(* Let $X$ be a standard Gaussian variable, $Y_1,Y_2,\dots$ i.i.d. standard exponential variables, and $N$ a Poisson random variable with mean $\ell\ge0$, all independent. Then $$\sqrt{\textstyle\sum_{i=1}^N Y_i}\ \preceq\ \frac1{\sqrt2}\max\{X+\sqrt{2\ell},0\},$$ where $\preceq$ denotes stochastic domination.
   Context: $Z_1\preceq Z_2$ means $\mathbb P(Z_1\ge x)\le\mathbb P(Z_2\ge x)$ for all real $x$. *)

theory Defs
  imports "HOL-Probability.Probability"
begin

end

theory Submission
  imports Defs "HOL-Real_Asymp.Real_Asymp"
begin

(* Given N = n the sum S_n of the exponential variables is Erlang, and P(S_n \<ge> t) = P(\<Pi>_t < n) for a
   Poisson variable \<Pi>_t of mean t. Hence P(sqrt S_N \<ge> x) is the probability F(l, x^2) that
   \<Pi>_{x^2} < \<Pi>_l for independent Poisson variables. Along every line u \<mapsto> (u^2, (u + c)^2) the
   function F is nondecreasing: after summation by parts its derivative is nonnegative by AM-GM.
   As u \<rightarrow> \<infinity>, the central limit theorem for the standardized difference of the two Poisson
   variables shows that F tends to the normal tail P(X > sqrt 2 c). Taking u = sqrt l and
   c = x - sqrt l bounds P(sqrt S_N \<ge> x) by P(X > sqrt 2 x - sqrt (2 l)), which is at most the
   right-hand side. *)

section \<open>Poisson weights\<close>

definition poisson_weight :: "real \<Rightarrow> nat \<Rightarrow> real" where
  "poisson_weight l m = exp (- l) * l ^ m / fact m"

definition poisson_below :: "real \<Rightarrow> nat \<Rightarrow> real" where
  "poisson_below s m = (\<Sum>k<m. poisson_weight s k)"

(* P(\<Pi>_s < \<Pi>_l) for independent Poisson variables \<Pi>_l, \<Pi>_s of means l and s *)
definition poisson_race :: "real \<Rightarrow> real \<Rightarrow> real" where
  "poisson_race l s = (\<Sum>m. poisson_weight l m * poisson_below s m)"

lemma poisson_weight_nonneg: "0 \<le> l \<Longrightarrow> 0 \<le> poisson_weight l m"
  by (simp add: poisson_weight_def)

--*--

**Work instruction**
Each line holding "variables" in the records should be copied out.

**Answer to this task**
(* Let $X$ be a standard Gaussian variable, $Y_1,Y_2,\dots$ i.i.d. standard exponential variables, and $N$ a Poisson random variable with mean $\ell\ge0$, all independent. Then $$\sqrt{\textstyle\sum_{i=1}^N Y_i}\ \preceq\ \frac1{\sqrt2}\max\{X+\sqrt{2\ell},0\},$$ where $\preceq$ denotes stochastic domination.
(* Given N = n the sum S_n of the exponential variables is Erlang, and P(S_n \<ge> t) = P(\<Pi>_t < n) for a
   \<Pi>_{x^2} < \<Pi>_l for independent Poisson variables. Along every line u \<mapsto> (u^2, (u + c)^2) the
   variables shows that F tends to the normal tail P(X > sqrt 2 c). Taking u = sqrt l and
(* P(\<Pi>_s < \<Pi>_l) for independent Poisson variables \<Pi>_l, \<Pi>_s of means l and s *)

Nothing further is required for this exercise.